» **PROBLEM REQUIREMENTS**
From the top of the records below, return each line exactly, ending with the line that contains "obtains r where".

(Beginning of DATASET EXTRACT)

lemma finite_separating_radius:
  fixes Z :: "'a::metric_space set"
  assumes "finite Z" "\<And>z. z \<in> Z \<Longrightarrow> \<rho> z > 0"
  obtains r where "r > 0" "\<And>z. z \<in> Z \<Longrightarrow> r \<le> \<rho> z"
    "\<And>z w. z \<in> Z \<Longrightarrow> w \<in> Z \<Longrightarrow> z \<noteq> w \<Longrightarrow> ball z r \<inter> ball w r = {}"
proof -
  define R where "R = insert 1 (\<rho> ` Z \<union> (\<lambda>(z, w). dist z w / 2) ` {(z, w) \<in> Z \<times> Z. z \<noteq> w})"
  have "finite {(z, w) \<in> Z \<times> Z. z \<noteq> w}"
    using assms(1) by (auto intro: finite_subset[of _ "Z \<times> Z"])
  then have R: "finite R" "\<forall>x\<in>R. x > 0"
    using assms by (auto simp: R_def)
  define r where "r = Min R"
  have "r > 0" "\<And>x. x \<in> R \<Longrightarrow> r \<le> x"
    using R by (auto simp: r_def R_def)
  moreover have "ball z r \<inter> ball w r = {}" if "z \<in> Z" "w \<in> Z" "z \<noteq> w" for z w
  proof -
    have "r \<le> dist z w / 2"
      using that by (intro \<open>\<And>x. x \<in> R \<Longrightarrow> r \<le> x\<close>) (force simp: R_def)
    have False if "x \<in> ball z r" "x \<in> ball w r" for x
      using that dist_triangle[of z w x] \<open>r \<le> dist z w / 2\<close> by (simp add: dist_commute)
    then show ?thesis by blast
  qed
  ultimately show ?thesis
    using that by (auto simp: R_def)
qed
lemma monomial_ratio_identity_cancel_factor:
  fixes b :: "'k::field \<Rightarrow> 'k^'n::finite^'n"
  assumes "infinite (UNIV :: 'k set)" "CARD('n) = Suc m" "polyfun_mat b" "h \<noteq> 0"
    and "\<And>t. smult_mat (poly h t) (b t) $ i $ j * smult_mat (poly h t) (b t) $ k $ l ^ m
        = det (smult_mat (poly h t) (b t)) * poly q t"
  shows "b t $ i $ j * b t $ k $ l ^ m = det (b t) * poly q t"
proof -
  have "polyfun_k (\<lambda>t. b t $ i $ j * b t $ k $ l ^ m - det (b t) * poly q t)"
    using assms(3) unfolding polyfun_mat_def
    by (intro polyfun_k_diff polyfun_k_mult polyfun_k_power polyfun_k_poly
        polyfun_k_det[OF assms(3)]) auto
  moreover have "h ^ Suc m \<noteq> 0" using assms(4) by simp
  moreover have "poly h t ^ Suc m * (b t $ i $ j * b t $ k $ l ^ m)
      = poly h t ^ Suc m * (det (b t) * poly q t)" for t
    using assms(5)[of t] by (simp add: det_smult_mat assms(2) power_mult_distrib mult_ac)
  then have "poly (h ^ Suc m) t * (b t $ i $ j * b t $ k $ l ^ m - det (b t) * poly q t) = 0" for t
    by (simp add: right_diff_distrib)
  ultimately have "b t $ i $ j * b t $ k $ l ^ m - det (b t) * poly q t = 0"
    by (rule polyfun_k_eq_0_if_mult_poly_eq_0[OF assms(1)])
  then show ?thesis by simp
qed

lemma polynomial_representatives:
  fixes A :: "'k::field \<Rightarrow> 'k^'n::finite^'n"
  assumes "infinite (UNIV :: 'k set)" "CARD('n) = Suc m" and det_A: "\<And>t. det (A t) \<noteq> 0"
    and Q: "\<And>i j k l t. poly (Q i j k l) t = A t $ i $ j * A t $ k $ l ^ m / det (A t)"
  obtains b where "polyfun_mat b" "\<And>t. \<exists>c. c \<noteq> 0 \<and> b t = smult_mat c (A t)"
proof -
  obtain k0 l0 where "A 0 $ k0 $ l0 \<noteq> 0" using det_A[of 0] by (rule nonzero_entry_if_det_nonzero)
  then have "poly (Q k0 l0 k0 l0) 0 \<noteq> 0" using Q[of k0 l0 k0 l0 0] det_A[of 0] by simp
  then have "Q k0 l0 k0 l0 \<noteq> 0" by auto
  then obtain h b' where h: "h \<noteq> 0" "\<forall>ij. (\<lambda>(i, j). Q i j k0 l0) ij = h * b' ij"
    and no_common_root: "\<forall>t. \<exists>ij. poly (b' ij) t \<noteq> 0"
    using poly_common_factor_no_common_root[of "\<lambda>(i, j). Q i j k0 l0" "(k0, l0)"] by auto
  define b where "b t = (\<chi> i j. poly (b' (i, j)) t)" for t
  have b_nth: "b t $ i $ j = poly (b' (i, j)) t" for t i j by (simp add: b_def)
  have polyfun_b: "polyfun_mat b" unfolding polyfun_mat_def b_nth by (simp add: polyfun_k_poly)
  have hb: "smult_mat (poly h t) (b t) = smult_mat (A t $ k0 $ l0 ^ m / det (A t)) (A t)" for t
    using Q[of _ _ k0 l0 t] h(2) by (simp add: vec_eq_iff b_nth mult_ac)
  have identity: "b t $ i $ j * b t $ k $ l ^ m = det (b t) * poly (Q i j k l) t" for t i j k l
    using monomial_ratio_identity_smult_mat[OF assms(2) det_A]
    by (intro monomial_ratio_identity_cancel_factor[OF assms(1,2) polyfun_b h(1)])
      (simp only: hb Q)
  have "\<exists>c. c \<noteq> 0 \<and> b t = smult_mat c (A t)" for t
  proof -
    obtain i j where "b t $ i $ j \<noteq> 0"
      using spec[OF no_common_root, of t] unfolding b_nth by (metis surj_pair)
    then show ?thesis
      using smult_mat_if_monomial_ratio_identity[OF det_A] identity Q by metis
  qed
  with polyfun_b show ?thesis by (rule that)
qed
lemma lat_pt_coords: "y = (inner dual1 y + inner dual2 y / 2, inner dual2 y * sqrt 3 / 2)"
  by (cases y) (simp add: dual1_def dual2_def inner_prod_def field_simps)

lemma lat_pt_eq_iff [simp]: "lat_pt m n = lat_pt m' n' \<longleftrightarrow> m = m' \<and> n = n'"
  by (metis inner_dual1_lat_pt inner_dual2_lat_pt of_int_eq_iff)

lemma lat_pt_add: "lat_pt m n + lat_pt m' n' = lat_pt (m + m') (n + n')"
  by (simp add: lat_pt_def field_simps)
lemma lat_pt_diff: "lat_pt m n - lat_pt m' n' = lat_pt (m - m') (n - n')"
  by (simp add: lat_pt_def field_simps)
lemma norm_lat_pt_sq: "(norm (lat_pt a b))\<^sup>2 = real_of_int (a*a + a*b + b*b)"
proof -
  have "(norm (lat_pt a b))\<^sup>2 = (a + b/2)^2 + (b * sqrt 3 / 2)^2"
    by (simp add: lat_pt_def norm_Pair power2_eq_square)
  also have "\<dots> = a*a + a*b + b*b" by (simp add: power2_eq_square field_simps)
  finally show ?thesis by simp
qed

definition unit_steps :: "(int \<times> int) set" where
  "unit_steps = {(1,0),(-1,0),(0,1),(0,-1),(1,-1),(-1,1)}"

lemma uminus_unit_steps: "(- a, - b) \<in> unit_steps \<longleftrightarrow> (a, b) \<in> unit_steps"
  by (auto simp: unit_steps_def)

lemma eisenstein_norm_eq_1: fixes a b :: int assumes "a*a + a*b + b*b = 1"
  shows "(a,b) \<in> unit_steps"
proof -
  have h1: "(2*a+b)*(2*a+b) + 3*(b*b) = 4" using assms by algebra
  have h2: "(2*b+a)*(2*b+a) + 3*(a*a) = 4" using assms by algebra
  have sq1: "\<bar>c\<bar> \<le> 1" if "c*c \<le> 1" for c :: int
    using that by (smt (verit) abs_zmult_eq_1 mult_le_0_iff)
  have "b*b \<le> 1" using h1 zero_le_square[of "2*a+b"] by linarith
  hence "\<bar>b\<bar> \<le> 1" by (rule sq1)
  moreover have "a*a \<le> 1" using h2 zero_le_square[of "2*b+a"] by linarith
  hence "\<bar>a\<bar> \<le> 1" by (rule sq1)
  ultimately have "a \<in> {-1,0,1}" "b \<in> {-1,0,1}" by auto
  then show ?thesis using assms by (auto simp: unit_steps_def)
qed

lemma dist_lat_pt_eq_1_iff: "dist (lat_pt m n) (lat_pt m' n') = 1 \<longleftrightarrow> (m - m', n - n') \<in> unit_steps"
proof -
  have "dist (lat_pt m n) (lat_pt m' n') = 1 \<longleftrightarrow> (norm (lat_pt (m-m') (n-n')))\<^sup>2 = 1"
    using norm_ge_zero[of "lat_pt (m-m') (n-n')"] by (auto simp add: dist_norm lat_pt_diff power2_eq_1_iff simp del: norm_ge_zero)
  also have "\<dots> \<longleftrightarrow> (m-m')*(m-m') + (m-m')*(n-n') + (n-n')*(n-n') = 1"
    unfolding norm_lat_pt_sq by (metis of_int_1 of_int_eq_iff)
  also have "\<dots> \<longleftrightarrow> (m - m', n - n') \<in> unit_steps"
  proof
    assume "(m-m')*(m-m') + (m-m')*(n-n') + (n-n')*(n-n') = 1"
    from eisenstein_norm_eq_1[OF this] show "(m - m', n - n') \<in> unit_steps" .
  next
    assume "(m - m', n - n') \<in> unit_steps"
    then show "(m-m')*(m-m') + (m-m')*(n-n') + (n-n')*(n-n') = 1" by (auto simp: unit_steps_def)
  qed
  finally show ?thesis .
qed

lemma Lat1_eq: "Lat1 = {lat_pt m n | m n. m mod 3 = n mod 3}"
proof -
  have e: "of_int a *\<^sub>R (e1 + e2) + of_int b *\<^sub>R (e2 + e3) = lat_pt (a - b) (a + 2*b)" for a b
    by (simp add: e1_def e2_def e3_def lat_pt_def field_simps)
  show ?thesis
  proof (rule set_eqI, rule iffI)
    fix x assume "x \<in> Lat1"
    then obtain a b where x: "x = lat_pt (a - b) (a + 2*b)" unfolding Lat1_def e by blast
    have "(a - b) mod 3 = (a + 2*b) mod 3" by presburger
    then show "x \<in> {lat_pt m n | m n. m mod 3 = n mod 3}" using x by blast
  next
    fix x assume "x \<in> {lat_pt m n | m n. m mod 3 = n mod 3}"
    then obtain m n where x: "x = lat_pt m n" and "m mod 3 = n mod 3" by blast
    then obtain b where b: "n - m = 3 * b" by (metis mod_eq_dvd_iff dvd_def)
    have "lat_pt m n = lat_pt ((m + b) - b) ((m+b) + 2 * b)" using b by simp
    then show "x \<in> Lat1" unfolding Lat1_def e x by blast
  qed
qed

lemma Lat2_eq: "Lat2 = {lat_pt m n | m n. (m - n) mod 3 = 1}"
proof -
  have e1l: "e1 = lat_pt 1 0" by (simp add: e1_def lat_pt_def)
  show ?thesis unfolding Lat2_def Lat1_eq e1l
  proof (auto simp: lat_pt_add)
    fix m n :: int assume "m mod 3 = n mod 3" then show "(m + 1 - n) mod 3 = 1" by presburger
  next
    fix m n :: int assume "(m - n) mod 3 = 1"
    then show "lat_pt m n \<in> (\<lambda>x. x + lat_pt 1 0) ` {lat_pt m n |m n. m mod 3 = n mod 3}"
      by (intro image_eqI[of _ _ "lat_pt (m - 1) n"]) (auto simp: lat_pt_add, presburger)
  qed
qed

lemma Lat3_eq: "Lat3 = {lat_pt m n | m n. (m - n) mod 3 = 2}"
proof -
  have e2l: "e2 = lat_pt 0 1" by (simp add: e2_def lat_pt_def)
  show ?thesis unfolding Lat3_def Lat1_eq e2l
  proof (auto simp: lat_pt_add)
    fix m n :: int assume "m mod 3 = n mod 3" then show "(m - (n+1)) mod 3 = 2" by presburger
  next
    fix m n :: int assume "(m - n) mod 3 = 2"
    then show "lat_pt m n \<in> (\<lambda>x. x + lat_pt 0 1) ` {lat_pt m n |m n. m mod 3 = n mod 3}"
      by (intro image_eqI[of _ _ "lat_pt m (n - 1)"]) (auto simp: lat_pt_add, presburger)
  qed
qed

(* The upward (b) or downward (\<not> b) triangle of the rhombus with corner lat_pt p q, with its
   vertices listed in the order Lat1, Lat2, Lat3. *)
definition tri_at :: "int \<Rightarrow> int \<Rightarrow> bool \<Rightarrow> pt \<times> pt \<times> pt" where
  "tri_at p q b = (let d = (p - q) mod 3 in
     if b then
       (if d = 0 then (lat_pt p q, lat_pt (p+1) q, lat_pt p (q+1))
        else if d = 1 then (lat_pt p (q+1), lat_pt p q, lat_pt (p+1) q)
        else (lat_pt (p+1) q, lat_pt p (q+1), lat_pt p q))
     else
       (if d = 0 then (lat_pt (p+1) (q+1), lat_pt (p+1) q, lat_pt p (q+1))
        else if d = 1 then (lat_pt p (q+1), lat_pt (p+1) (q+1), lat_pt (p+1) q)
        else (lat_pt (p+1) q, lat_pt p (q+1), lat_pt (p+1) (q+1))))"

definition tri_at_verts :: "int \<Rightarrow> int \<Rightarrow> bool \<Rightarrow> pt set" where
  "tri_at_verts p q b = (if b then {lat_pt p q, lat_pt (p+1) q, lat_pt p (q+1)} else {lat_pt (p+1) q, lat_pt p (q+1), lat_pt (p+1) (q+1)})"

lemma mod3_cases: fixes d :: int obtains "d mod 3 = 0" | "d mod 3 = 1" | "d mod 3 = 2"
proof -
  have "d mod 3 = 0 \<or> d mod 3 = 1 \<or> d mod 3 = 2" by presburger
  then show thesis using that by metis
qed

lemma tri_at_verts_eq: "(case tri_at p q b of (i, j, k) \<Rightarrow> {i, j, k}) = tri_at_verts p q b"
  by (rule mod3_cases[of "p - q"]) (auto simp: tri_at_def tri_at_verts_def Let_def)

lemma tri_set_tri_at: "tri_set \<epsilon> (tri_at p q b) = convex hull ((\<lambda>v. \<epsilon> *\<^sub>R v) ` tri_at_verts p q b)"
proof -
  obtain i j k where t: "tri_at p q b = (i, j, k)" by (metis prod_cases3)
  have "tri_at_verts p q b = {i,j,k}" using tri_at_verts_eq[of p q b] t by simp
  then show ?thesis by (simp add: tri_set_def t)
qed

lemma tri_at_Tri: "tri_at p q b \<in> Tri"
  by (rule mod3_cases[of "p - q"];
      auto simp: tri_at_def Let_def Tri_def Lat1_eq Lat2_eq Lat3_eq dist_lat_pt_eq_1_iff unit_steps_def;
      presburger)

lemma adjacent_unit_steps:
  fixes a1 b1 a2 b2 :: int
  assumes "(a1, b1) \<in> unit_steps" "(a2, b2) \<in> unit_steps" "(a2 - a1, b2 - b1) \<in> unit_steps"
    and "(a1 - b1) mod 3 = 1" "(a2 - b2) mod 3 = 2"
  shows "(a1, b1, a2, b2) \<in> {(1,0,0,1), (1,0,1,-1), (0,-1,1,-1), (0,-1,-1,0), (-1,1,-1,0), (-1,1,0,1)}"
  using assms unfolding unit_steps_def by (elim insertE emptyE) simp_all

lemma Tri_vertex_offsets:
  assumes "(lat_pt m n, lat_pt m' n', lat_pt m'' n'') \<in> Tri"
  shows "(m' - m, n' - n, m'' - m, n'' - n)
    \<in> {(1,0,0,1), (1,0,1,-1), (0,-1,1,-1), (0,-1,-1,0), (-1,1,-1,0), (-1,1,0,1)}"
proof (rule adjacent_unit_steps)
  have c: "m mod 3 = n mod 3" "(m' - n') mod 3 = 1" "(m'' - n'') mod 3 = 2"
    and d: "(m - m', n - n') \<in> unit_steps" "(m' - m'', n' - n'') \<in> unit_steps"
      "(m'' - m, n'' - n) \<in> unit_steps"
    using assms by (auto simp: Tri_def Lat1_eq Lat2_eq Lat3_eq dist_lat_pt_eq_1_iff)
  show "(m' - m, n' - n) \<in> unit_steps" using d(1) uminus_unit_steps[of "m - m'" "n - n'"] by simp
  show "(m'' - m, n'' - n) \<in> unit_steps" by (rule d(3))
  show "(m'' - m - (m' - m), n'' - n - (n' - n)) \<in> unit_steps"
    using d(2) uminus_unit_steps[of "m' - m''" "n' - n''"] by simp
  show "(m' - m - (n' - n)) mod 3 = 1" "(m'' - m - (n'' - n)) mod 3 = 2" using c by presburger+
qed
lemma carrier_F2: "carrier F2 = {w. reduced w}"
  and mult_F2: "x \<otimes>\<^bsub>F2\<^esub> y = red (x @ y)"
  and one_F2: "\<one>\<^bsub>F2\<^esub> = []"
  by (simp_all add: F2_def)

lemma group_F2: "group F2"
proof (rule groupI)
  fix x y z
  show "x \<otimes>\<^bsub>F2\<^esub> y \<in> carrier F2"
    by (simp add: carrier_F2 mult_F2 reduced_red)
  show "x \<otimes>\<^bsub>F2\<^esub> y \<otimes>\<^bsub>F2\<^esub> z = x \<otimes>\<^bsub>F2\<^esub> (y \<otimes>\<^bsub>F2\<^esub> z)"
    by (simp add: mult_F2 red_red_left red_red_right)
next
  fix x assume "x \<in> carrier F2"
  then show "\<one>\<^bsub>F2\<^esub> \<otimes>\<^bsub>F2\<^esub> x = x"
    by (simp add: carrier_F2 one_F2 mult_F2 red_reduced)
  show "\<exists>y\<in>carrier F2. y \<otimes>\<^bsub>F2\<^esub> x = \<one>\<^bsub>F2\<^esub>"
    by (rule bexI[of _ "red (winv x)"])
      (simp_all add: carrier_F2 one_F2 mult_F2 reduced_red red_red_left red_winv_append)
qed (simp add: carrier_F2 one_F2)

lemma inv_F2: "x \<in> carrier F2 \<Longrightarrow> inv\<^bsub>F2\<^esub> x = red (winv x)"
  by (rule group.inv_equality[OF group_F2])
    (simp_all add: carrier_F2 one_F2 mult_F2 reduced_red red_red_left red_winv_append)

definition letter_weight :: "gen \<Rightarrow> letter \<Rightarrow> int" where
  "letter_weight s l = (if fst l = s then (if snd l then 1 else -1) else 0)"

definition exp_sum :: "gen \<Rightarrow> letter list \<Rightarrow> int" where
  "exp_sum s w = sum_list (map (letter_weight s) w)"

lemma letter_weight_inv_letter [simp]: "letter_weight s (inv_letter l) = - letter_weight s l"
  by (simp add: letter_weight_def inv_letter_def)
lemma join_cover_covers:
  assumes "\<Union>\<U> = X" and "\<forall>i\<in>{1..n}. act (gs i) ` X \<subseteq> X"
  shows "X \<subseteq> \<Union>(join_cover act X gs \<U> n)"
proof
  fix x assume "x \<in> X"
  with assms have "\<forall>i\<in>{1..n}. \<exists>U\<in>\<U>. act (gs i) x \<in> U" by blast
  then obtain V where V: "\<forall>i\<in>{1..n}. V i \<in> \<U> \<and> act (gs i) x \<in> V i" by metis
  then have "X \<inter> (\<Inter>i\<in>{1..n}. {y\<in>X. act (gs i) y \<in> V i}) \<in> join_cover act X gs \<U> n"
    unfolding join_cover_def by blast
  moreover have "x \<in> X \<inter> (\<Inter>i\<in>{1..n}. {y\<in>X. act (gs i) y \<in> V i})" using \<open>x \<in> X\<close> V by blast
  ultimately show "x \<in> \<Union>(join_cover act X gs \<U> n)" by blast
qed

lemma join_cover_meets_at_most_one:
  assumes small: "\<forall>U\<in>\<U>. \<forall>a\<in>U. \<forall>b\<in>U. dist a b \<le> e" and sep: "separated_family act gs e n W"
    and "V \<in> join_cover act X gs \<U> n" and "A \<in> W" and "B \<in> W"
    and "V \<inter> A \<noteq> {}" and "V \<inter> B \<noteq> {}"
  shows "A = B"
proof (rule ccontr)
  assume "A \<noteq> B"
  with sep \<open>A \<in> W\<close> \<open>B \<in> W\<close> obtain i where i: "i \<in> {1..n}" and AB: "separated act (gs i) e A B"
    unfolding separated_family_def by blast
  from assms(3) obtain U where V: "V = X \<inter> (\<Inter>i\<in>{1..n}. {x\<in>X. act (gs i) x \<in> U i})"
    and U: "\<forall>i\<in>{1..n}. U i \<in> \<U>"
    unfolding join_cover_def by blast
  obtain a b where a: "a \<in> V" "a \<in> A" and b: "b \<in> V" "b \<in> B" using assms(6,7) by blast
  then have "act (gs i) a \<in> U i" "act (gs i) b \<in> U i" using i unfolding V by auto
  then have "dist (act (gs i) a) (act (gs i) b) \<le> e" using small U i by blast
  moreover have "e < dist (act (gs i) a) (act (gs i) b)"
    using AB a b unfolding separated_def by blast
  ultimately show False by linarith
qed
(* Let $\mathbf u\in\{0,1\}^{\mathbb N}$ and $\sigma\in\{L,M,R\}^*$ with $\inf(\mathbf u)\ge\inf(\sigma(1\overline0))$ and $\sup(\mathbf u)\le\sup(\sigma(0\overline1))$. Then either $\mathbf u$ has a suffix equal to $\sigma(\mathbf v)$ for some $\mathbf v\in\{0,1\}^{\mathbb N}$, or $\mathbf u$ has a suffix equal to $\sigma'(\overline0)$ for some $\sigma'\in\{L,M,R\}^*M$ such that $\sigma=\sigma'\tau$ for some $\tau\in\{L,M,R\}^*$.
   Context: Infinite words over $\{0,1\}$ are ordered lexicographically; $\overline{w}$ denotes infinite repetition of $w$. For $\mathbf u=u_1u_2\cdots\in\{0,1\}^{\mathbb N}$, $\sup(\mathbf u)$ and $\inf(\mathbf u)$ are the lexicographic supremum and infimum of $\{u_ku_{k+1}\cdots:k\ge1\}$. Substitutions (monoid morphisms on words, extended letterwise to infinite words): $L:0\mapsto0,1\mapsto01$; $M:0\mapsto01,1\mapsto10$; $R:0\mapsto01,1\mapsto1$. $\{L,M,R\}^*$ is the monoid they generate under composition (including the identity), and $\{L,M,R\}^*M=\{\tau M:\tau\in\{L,M,R\}^*\}$. *)

theory Defs
  imports "HOL-Library.Stream"
begin

text \<open>Infinite binary words are bool streams; False encodes letter 0, True encodes 1.\<close>

type_synonym word = "bool stream"

definition lex_less :: "word \<Rightarrow> word \<Rightarrow> bool" where
  "lex_less a b \<longleftrightarrow> (\<exists>n. stake n a = stake n b \<and> a !! n = False \<and> b !! n = True)"

definition lex_le :: "word \<Rightarrow> word \<Rightarrow> bool" where
  "lex_le a b \<longleftrightarrow> a = b \<or> lex_less a b"

definition lex_sup :: "word set \<Rightarrow> word" where
  "lex_sup S = (THE w. (\<forall>x\<in>S. lex_le x w) \<and> (\<forall>y. (\<forall>x\<in>S. lex_le x y) \<longrightarrow> lex_le w y))"

definition lex_inf :: "word set \<Rightarrow> word" where
  "lex_inf S = (THE w. (\<forall>x\<in>S. lex_le w x) \<and> (\<forall>y. (\<forall>x\<in>S. lex_le y x) \<longrightarrow> lex_le y w))"

definition suffixes :: "word \<Rightarrow> word set" where
  "suffixes u = {sdrop k u | k. True}"

definition wsup :: "word \<Rightarrow> word" where
  "wsup u = lex_sup (suffixes u)"

definition winf :: "word \<Rightarrow> word" where
  "winf u = lex_inf (suffixes u)"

(End of DATASET EXTRACT)

» **OUTPUT BELOW**
lemma finite_separating_radius:
  fixes Z :: "'a::metric_space set"
  assumes "finite Z" "\<And>z. z \<in> Z \<Longrightarrow> \<rho> z > 0"
  obtains r where "r > 0" "\<And>z. z \<in> Z \<Longrightarrow> r \<le> \<rho> z"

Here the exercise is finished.